■ Work instructions ■
Return, word for word, only the lines of the data below that lie between the line with "Q x b \<le>" and the line with "using Q_meas Q_uniq", those two lines included.

■ Collected data ■
──────────────────────────────

(* Let $(S,U,A,\{R(a)\}_{a\in\mathcal{A}})$ be a random tuple, where $S\in\mathcal{S}$ is an observed feature, $U\in\mathcal{U}$ is an unobserved feature, $A$ is an action taking values in a finite set $\mathcal{A}$, and $R(a)$ (integrable) is the potential reward had action $a$ been taken; the observed reward is $R=\sum_{a\in\mathcal{A}}R(a)\mathbb{I}(A=a)$. Suppose $A$ is generated by a behavior policy $\pi^b(\cdot\mid S,U)$ that may depend on both $S$ and $U$. Let $\pi^\ast$ be the standard optimal policy, $\pi^\ast(a^\ast\mid s)=1$ where $a^\ast=\operatorname{argmax}_{a\in\mathcal{A}}\mathbb{E}[R(a)\mid S=s]$ (assumed unique for every $s$), and let $\nu^\ast$ be the super-policy, $\nu^\ast(a^\ast\mid s,a')=1$ where $a^\ast=\operatorname{argmax}_{a\in\mathcal{A}}\mathbb{E}[R(a)\mid S=s,A=a']$, for all $(s,a')\in\mathcal{S}\times\mathcal{A}$. Then $$\mathcal{V}(\nu^\ast)\ \ge\ \max\{\mathcal{V}(\pi^b),\mathcal{V}(\pi^\ast)\}.$$
   Context: The super-policy class is $\Omega=\{\nu:\mathcal{S}\times\mathcal{A}\to\mathcal{P}(\mathcal{A})\}$, where $\mathcal{P}(\mathcal{A})$ is the set of probability distributions on $\mathcal{A}$ and the second argument of $\nu$ is the action $A$ recommended by the behavior policy. For $\nu\in\Omega$, its value is $\mathcal{V}(\nu)=\sum_{a\in\mathcal{A}}\mathbb{E}[R(a)\nu(a\mid S,A)]$. For a policy $\pi:\mathcal{S}\to\mathcal{P}(\mathcal{A})$, $\mathcal{V}(\pi)=\sum_{a}\mathbb{E}[R(a)\pi(a\mid S)]$. The value of the behavior policy is $\mathcal{V}(\pi^b)=\mathbb{E}[R]=\sum_a\mathbb{E}[R(a)\mathbb{I}(A=a)]$. *)

theory Defs
  imports "HOL-Probability.Probability"
begin

definition argmax_act :: "('a::finite \<Rightarrow> real) \<Rightarrow> 'a" where
  "argmax_act f = (THE a. \<forall>b. f b \<le> f a)"

text \<open>Value of a super-policy nu, where nu s a' a is the probability of action a
  given feature s and recommended (behaviour) action a':
  V(nu) = sum_a E[R(a) nu(a | S, A)].\<close>
definition super_value ::
  "'w measure \<Rightarrow> ('w \<Rightarrow> 's) \<Rightarrow> ('w \<Rightarrow> 'a::finite) \<Rightarrow> ('a \<Rightarrow> 'w \<Rightarrow> real)
     \<Rightarrow> ('s \<Rightarrow> 'a \<Rightarrow> 'a \<Rightarrow> real) \<Rightarrow> real" where
  "super_value M S A R nu = (\<Sum>a\<in>UNIV. \<integral>w. R a w * nu (S w) (A w) a \<partial>M)"

definition policy_value ::
  "'w measure \<Rightarrow> ('w \<Rightarrow> 's) \<Rightarrow> ('a::finite \<Rightarrow> 'w \<Rightarrow> real)
     \<Rightarrow> ('s \<Rightarrow> 'a \<Rightarrow> real) \<Rightarrow> real" where
  "policy_value M S R p = (\<Sum>a\<in>UNIV. \<integral>w. R a w * p (S w) a \<partial>M)"

definition behavior_value ::
  "'w measure \<Rightarrow> ('w \<Rightarrow> 'a::finite) \<Rightarrow> ('a \<Rightarrow> 'w \<Rightarrow> real) \<Rightarrow> real" where
  "behavior_value M A R = (\<Sum>a\<in>UNIV. \<integral>w. R a w * indicator {a} (A w) \<partial>M)"

text \<open>Standard optimal policy from Q1 s a = E[R(a) | S = s].\<close>
definition pi_star :: "('s \<Rightarrow> 'a::finite \<Rightarrow> real) \<Rightarrow> 's \<Rightarrow> 'a \<Rightarrow> real" where
  "pi_star Q1 s a = (if a = argmax_act (Q1 s) then 1 else 0)"

text \<open>Optimal super-policy from Q2 (s,a') a = E[R(a) | S = s, A = a'].\<close>
definition nu_star :: "('s \<times> 'a \<Rightarrow> 'a::finite \<Rightarrow> real) \<Rightarrow> 's \<Rightarrow> 'a \<Rightarrow> 'a \<Rightarrow> real" where
  "nu_star Q2 s a' a = (if a = argmax_act (Q2 (s, a')) then 1 else 0)"

end

theory Submission
  imports Defs
begin

text \<open>Let Q2 (S, A) a be a version of E[R(a) | S, A]. For every action rule h that
  depends measurably on (S, A), the tower property gives
  sum_a E[R(a) I(h(S, A) = a)] = E[Q2 (S, A) (h (S, A))], which is maximised pointwise by
  choosing h(S, A) = argmax_a Q2 (S, A) a, i.e. by nu*. The behaviour policy is the rule
  h(S, A) = A and pi* is the rule h(S, A) = argmax_a Q1 S a; so only the measurability of Q1
  is needed, not that it is a conditional expectation.\<close>

lemma argmax_act_max:
  assumes "\<exists>!a. \<forall>b. f b \<le> f a"
  shows "f b \<le> f (argmax_act f)"
  using theI'[OF assms] unfolding argmax_act_def by blast

lemma argmax_act_eq_iff:
  assumes "\<exists>!a. \<forall>b. f b \<le> f a"
  shows "argmax_act f = a \<longleftrightarrow> (\<forall>b. f b \<le> f a)"
  using argmax_act_max[OF assms] assms by metis

lemma measurable_argmax_act:
  fixes F :: "'x \<Rightarrow> 'a::finite \<Rightarrow> real"
  assumes meas: "\<And>a. (\<lambda>x. F x a) \<in> borel_measurable N"
    and uniq: "\<And>x. \<exists>!a. \<forall>b. F x b \<le> F x a"
  shows "(\<lambda>x. argmax_act (F x)) \<in> measurable N (count_space UNIV)"
proof (subst measurable_count_space_eq2_countable, intro conjI ballI)
  fix a :: 'a
  have "(\<lambda>x. argmax_act (F x)) -` {a} \<inter> space N = (\<Inter>b. {x \<in> space N. F x b \<le> F x a})"
    using argmax_act_eq_iff[OF uniq] by auto
  also have "\<dots> \<in> sets N"
    by (intro sets.finite_INT) (auto intro!: borel_measurable_le meas)
  finally show "(\<lambda>x. argmax_act (F x)) -` {a} \<inter> space N \<in> sets N" .
qed auto

locale reward_cond_exp =
  fixes M :: "'w measure" and N :: "'x measure" and X :: "'w \<Rightarrow> 'x"
    and R :: "'a::finite \<Rightarrow> 'w \<Rightarrow> real" and Q :: "'x \<Rightarrow> 'a \<Rightarrow> real"
  assumes X_meas: "X \<in> measurable M N"
    and Q_int: "\<And>a. integrable M (\<lambda>w. Q (X w) a)"
    and Q_ce: "\<And>a B. B \<in> sets N \<Longrightarrow>
        (\<integral>w. indicator B (X w) * R a w \<partial>M) = (\<integral>w. indicator B (X w) * Q (X w) a \<partial>M)"
begin

lemma integrable_indicator_mult_Q:
  assumes "B \<in> sets N"
  shows "integrable M (\<lambda>w. indicator B (X w) * Q (X w) a)"
proof -
  have "integrable M (\<lambda>w. Q (X w) a * indicator (X -` B \<inter> space M) w)"
    using X_meas assms Q_int by (intro integrable_real_mult_indicator) auto
  then show ?thesis
    by (rule Bochner_Integration.integrable_cong[OF refl, THEN iffD1, rotated])
      (auto simp: indicator_def)
qed

context
  fixes h :: "'x \<Rightarrow> 'a"
  assumes h_meas: "h \<in> measurable N (count_space UNIV)"
begin

definition level_set :: "'a \<Rightarrow> 'x set" where
  "level_set a = h -` {a} \<inter> space N"

lemma level_set_sets: "level_set a \<in> sets N"
  unfolding level_set_def using h_meas by (rule measurable_sets) simp

lemma indicator_level_set:
  "w \<in> space M \<Longrightarrow> indicator (level_set a) (X w) = (indicator {a} (h (X w)) :: real)"
  using measurable_space[OF X_meas] by (auto simp: level_set_def indicator_def)

lemma Q_rule_eq_sum_level_set:
  "w \<in> space M \<Longrightarrow> Q (X w) (h (X w)) = (\<Sum>a\<in>UNIV. indicator (level_set a) (X w) * Q (X w) a)"
  by (simp only: indicator_level_set) (simp add: indicator_def)

lemma integrable_Q_rule: "integrable M (\<lambda>w. Q (X w) (h (X w)))"
proof -
  have "integrable M (\<lambda>w. \<Sum>a\<in>UNIV. indicator (level_set a) (X w) * Q (X w) a)"
    by (intro Bochner_Integration.integrable_sum integrable_indicator_mult_Q level_set_sets)
  then show ?thesis
    by (rule Bochner_Integration.integrable_cong[OF refl, THEN iffD1, rotated])
      (simp add: Q_rule_eq_sum_level_set)
qed

lemma rule_value_eq:
  "(\<Sum>a\<in>UNIV. \<integral>w. R a w * indicator {a} (h (X w)) \<partial>M) = (\<integral>w. Q (X w) (h (X w)) \<partial>M)"
proof -
  have "(\<Sum>a\<in>UNIV. \<integral>w. R a w * indicator {a} (h (X w)) \<partial>M)
      = (\<Sum>a\<in>UNIV. \<integral>w. indicator (level_set a) (X w) * R a w \<partial>M)"
    by (intro sum.cong refl Bochner_Integration.integral_cong) (simp add: indicator_level_set)
  also have "\<dots> = (\<Sum>a\<in>UNIV. \<integral>w. indicator (level_set a) (X w) * Q (X w) a \<partial>M)"
    by (intro sum.cong refl Q_ce level_set_sets)
  also have "\<dots> = (\<integral>w. (\<Sum>a\<in>UNIV. indicator (level_set a) (X w) * Q (X w) a) \<partial>M)"
    by (intro Bochner_Integration.integral_sum[symmetric] integrable_indicator_mult_Q level_set_sets)
  also have "\<dots> = (\<integral>w. Q (X w) (h (X w)) \<partial>M)"
    by (intro Bochner_Integration.integral_cong refl) (simp add: Q_rule_eq_sum_level_set)
  finally show ?thesis .
qed

end

lemma rule_value_le_argmax:
  assumes h_meas: "h \<in> measurable N (count_space UNIV)"
    and Q_meas: "\<And>a. (\<lambda>x. Q x a) \<in> borel_measurable N"
    and Q_uniq: "\<And>x. \<exists>!a. \<forall>b. Q x b \<le> Q x a"
  shows "(\<Sum>a\<in>UNIV. \<integral>w. R a w * indicator {a} (h (X w)) \<partial>M)
       \<le> (\<Sum>a\<in>UNIV. \<integral>w. R a w * indicator {a} (argmax_act (Q (X w))) \<partial>M)"
proof -
  have g_meas: "(\<lambda>x. argmax_act (Q x)) \<in> measurable N (count_space UNIV)"
    using Q_meas Q_uniq by (rule measurable_argmax_act)
  have "(\<integral>w. Q (X w) (h (X w)) \<partial>M) \<le> (\<integral>w. Q (X w) (argmax_act (Q (X w))) \<partial>M)"
    using integrable_Q_rule[OF h_meas] integrable_Q_rule[OF g_meas]
    by (intro integral_mono) (auto intro: argmax_act_max[OF Q_uniq])
  then show ?thesis
    using rule_value_eq[OF h_meas] rule_value_eq[OF g_meas] by simp
qed

end

theorem lemma1:
  fixes M :: "'w measure" and MS :: "'s measure" and MU :: "'u measure"
    and S :: "'w \<Rightarrow> 's" and U :: "'w \<Rightarrow> 'u" and A :: "'w \<Rightarrow> 'a::finite"
    and R :: "'a \<Rightarrow> 'w \<Rightarrow> real"
    and Q1 :: "'s \<Rightarrow> 'a \<Rightarrow> real" and Q2 :: "'s \<times> 'a \<Rightarrow> 'a \<Rightarrow> real"
  assumes "prob_space M"
    and S_meas: "S \<in> measurable M MS"
    and U_meas: "U \<in> measurable M MU"
    and A_meas: "A \<in> measurable M (count_space UNIV)"
    and R_int: "\<And>a. integrable M (R a)"
    \<comment> \<open>Q1 (S w) a is (a version of) E[R(a) | S]\<close>
    and Q1_meas: "\<And>a. (\<lambda>s. Q1 s a) \<in> borel_measurable MS"
    and Q1_int: "\<And>a. integrable M (\<lambda>w. Q1 (S w) a)"
    and Q1_ce: "\<And>a B. B \<in> sets MS \<Longrightarrow>
        (\<integral>w. indicator B (S w) * R a w \<partial>M) = (\<integral>w. indicator B (S w) * Q1 (S w) a \<partial>M)"
    \<comment> \<open>Q2 (S w, A w) a is (a version of) E[R(a) | S, A]\<close>
    and Q2_meas: "\<And>a. (\<lambda>x. Q2 x a) \<in> borel_measurable (MS \<Otimes>\<^sub>M count_space UNIV)"
    and Q2_int: "\<And>a. integrable M (\<lambda>w. Q2 (S w, A w) a)"
    and Q2_ce: "\<And>a B. B \<in> sets (MS \<Otimes>\<^sub>M count_space UNIV) \<Longrightarrow>
        (\<integral>w. indicator B (S w, A w) * R a w \<partial>M)
          = (\<integral>w. indicator B (S w, A w) * Q2 (S w, A w) a \<partial>M)"
    \<comment> \<open>uniqueness of the argmax\<close>
    and Q1_uniq: "\<And>s. \<exists>!a. \<forall>b. Q1 s b \<le> Q1 s a"
    and Q2_uniq: "\<And>s a'. \<exists>!a. \<forall>b. Q2 (s, a') b \<le> Q2 (s, a') a"
  shows "super_value M S A R (nu_star Q2)
           \<ge> max (behavior_value M A R) (policy_value M S R (pi_star Q1))"
proof -
  let ?N = "MS \<Otimes>\<^sub>M count_space UNIV"
  interpret reward_cond_exp M ?N "\<lambda>w. (S w, A w)" R Q2
    using measurable_Pair[OF S_meas A_meas] Q2_int Q2_ce by unfold_locales
  have Q2_uniq': "\<exists>!a. \<forall>b. Q2 x b \<le> Q2 x a" for x
    using Q2_uniq[of "fst x" "snd x"] by simp
  have pi_star_meas: "(\<lambda>x. argmax_act (Q1 (fst x))) \<in> measurable ?N (count_space UNIV)"
    using measurable_argmax_act[OF Q1_meas Q1_uniq] by measurable
  have "behavior_value M A R \<le> super_value M S A R (nu_star Q2)"
    using rule_value_le_argmax[OF measurable_snd Q2_meas Q2_uniq']
    by (simp add: behavior_value_def super_value_def nu_star_def indicator_def of_bool_def eq_commute)
  moreover have "policy_value M S R (pi_star Q1) \<le> super_value M S A R (nu_star Q2)"
    using rule_value_le_argmax[OF pi_star_meas Q2_meas Q2_uniq']
    by (simp add: policy_value_def pi_star_def super_value_def nu_star_def indicator_def of_bool_def eq_commute)
  ultimately show ?thesis by simp
qed

end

──────────────────────────────

■ Answer for this exercise ■
    and Q_uniq: "\<And>x. \<exists>!a. \<forall>b. Q x b \<le> Q x a"
  shows "(\<Sum>a\<in>UNIV. \<integral>w. R a w * indicator {a} (h (X w)) \<partial>M)
       \<le> (\<Sum>a\<in>UNIV. \<integral>w. R a w * indicator {a} (argmax_act (Q (X w))) \<partial>M)"
proof -
  have g_meas: "(\<lambda>x. argmax_act (Q x)) \<in> measurable N (count_space UNIV)"
    using Q_meas Q_uniq by (rule measurable_argmax_act)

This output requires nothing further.